In 1996 a group of "
stealth artists" calling themselves "the
NEA Army" concocted a piece of conceptual art designed to revivify
NEA funding, or to at least inject some levity into the neverending NEA funding debate.
During a discussion between Seattle friends Dylan Clark, Tim Osumi, David Feit and Jason Hodin, the notion arose of submitting an art proposal to the NEA requesting the full annual NEA allotment OF $99.5 million for a single artwork involving the use of a B-2 Stealth Bomber. Then they did the math.
A single B-2 costs from $2.2 to $3 billion, approximately twenty times the total annual NEA funding. So, they compromised their vision, in the process coming up with a considerably more poignant mandate.
David Feit, the artistic director of the NEA Army described how "the beauty of this monument is it derives its power from being a physical manifestation of the NEA budget. A reduced budget would only mean a more concise piece and a more pointed message."

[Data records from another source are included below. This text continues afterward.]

text \<open>Translating the integral by \<open>z\<close> turns the reproducing formula into the Gaussian mean value
  of the entire function \<open>u \<mapsto> f (z + u) exp (- pi cnj z u)\<close> at \<open>0\<close>.\<close>

lemma fock_inner_kernel:
  assumes f: "f \<in> fock_space"
  shows "fock_inner f (fock_kernel z) = f z * exp (- pi * (cmod z)\<^sup>2 / 2)"
proof -
  define E where "E = complex_of_real (exp (- pi * (cmod z)\<^sup>2 / 2))"
  define F where "F w = f w * cnj (fock_kernel z w) * fock_weight w" for w
  define h where "h u = f (z + u) * exp (- pi * cnj z * u)" for u
  have F_int: "integrable lborel F"
    unfolding F_def by (rule integrable_fock_mult_cnj[OF f fock_kernel_in_fock_space])
  have F_meas: "F \<in> borel_measurable borel"
    using borel_measurable_integrable[OF F_int] by simp
  have F_shift: "F (z + u) = h u * fock_weight u * E" for u
    using fock_kernel_shift[of z u] by (simp add: F_def h_def E_def mult_ac)
  have h_holo: "h holomorphic_on UNIV"
    unfolding h_def
    by (intro holomorphic_intros holomorphic_on_compose_gen[OF _ fock_spaceD(1)[OF f], unfolded o_def]) auto
  have "integrable lborel (\<lambda>u. F (z + u))"
    using F_int F_meas by (simp add: integrable_lborel_translate)
  then have "integrable lborel (\<lambda>u. h u * fock_weight u * E * inverse E)"
    unfolding F_shift by (rule integrable_mult_left)
  then have h_int: "integrable lborel (\<lambda>u. h u * fock_weight u)"
    by (simp add: E_def mult.assoc)
  have "fock_inner f (fock_kernel z) = integral\<^sup>L lborel F"
    unfolding fock_inner_def F_def ..
  also have "\<dots> = (\<integral>u. F (z + u) \<partial>lborel)"
    using F_meas by (simp add: integral_lborel_translate)
  also have "\<dots> = (\<integral>u. h u * fock_weight u \<partial>lborel) * E"
    unfolding F_shift by simp
  also have "\<dots> = h 0 * E"
    by (simp only: holomorphic_gaussian_mean[OF h_holo h_int])
  also have "\<dots> = f z * exp (- pi * (cmod z)\<^sup>2 / 2)"
    by (simp add: h_def E_def)
  finally show ?thesis .
qed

If the new proposal passed (which, thus far, it has failed to), with the entire NEA annual allotment they would purchase the Maximum Obtainable Fraction of a B-2 Stealth bomber: approximately one-twentieth of the entire bomber - maybe some wingtip and a piece of landing gear. Failing the purchase of actual plane parts with the money, they would construct a scale replica of the parts they could afford in papier maché and solid gold.
To the finished product would be affixed a simple plaque reading "priorities."
Feit thinks that this compromise down from the full plane would regardless work out just fine, explaining that "Just like anyone in their right mind buying a car wants to kick the tire to see if it's worth buying, the public could collectively kick the B-2 bomber's landing gear." In any event, given that the piece is intended to be hauled across the country by hand, "having something round and rollable would be a real asset."
However much of the aircraft the totality of the annual NEA money could buy would be carried by hand across the U.S.A. to its final destination on the National Mall in Washington, D.C.
Supposing the furore caused by the realization of this piece puts the final nail in the NEA's coffin?
"If that happened," Feit says, "we'd have the world's most stealthy monument for sure."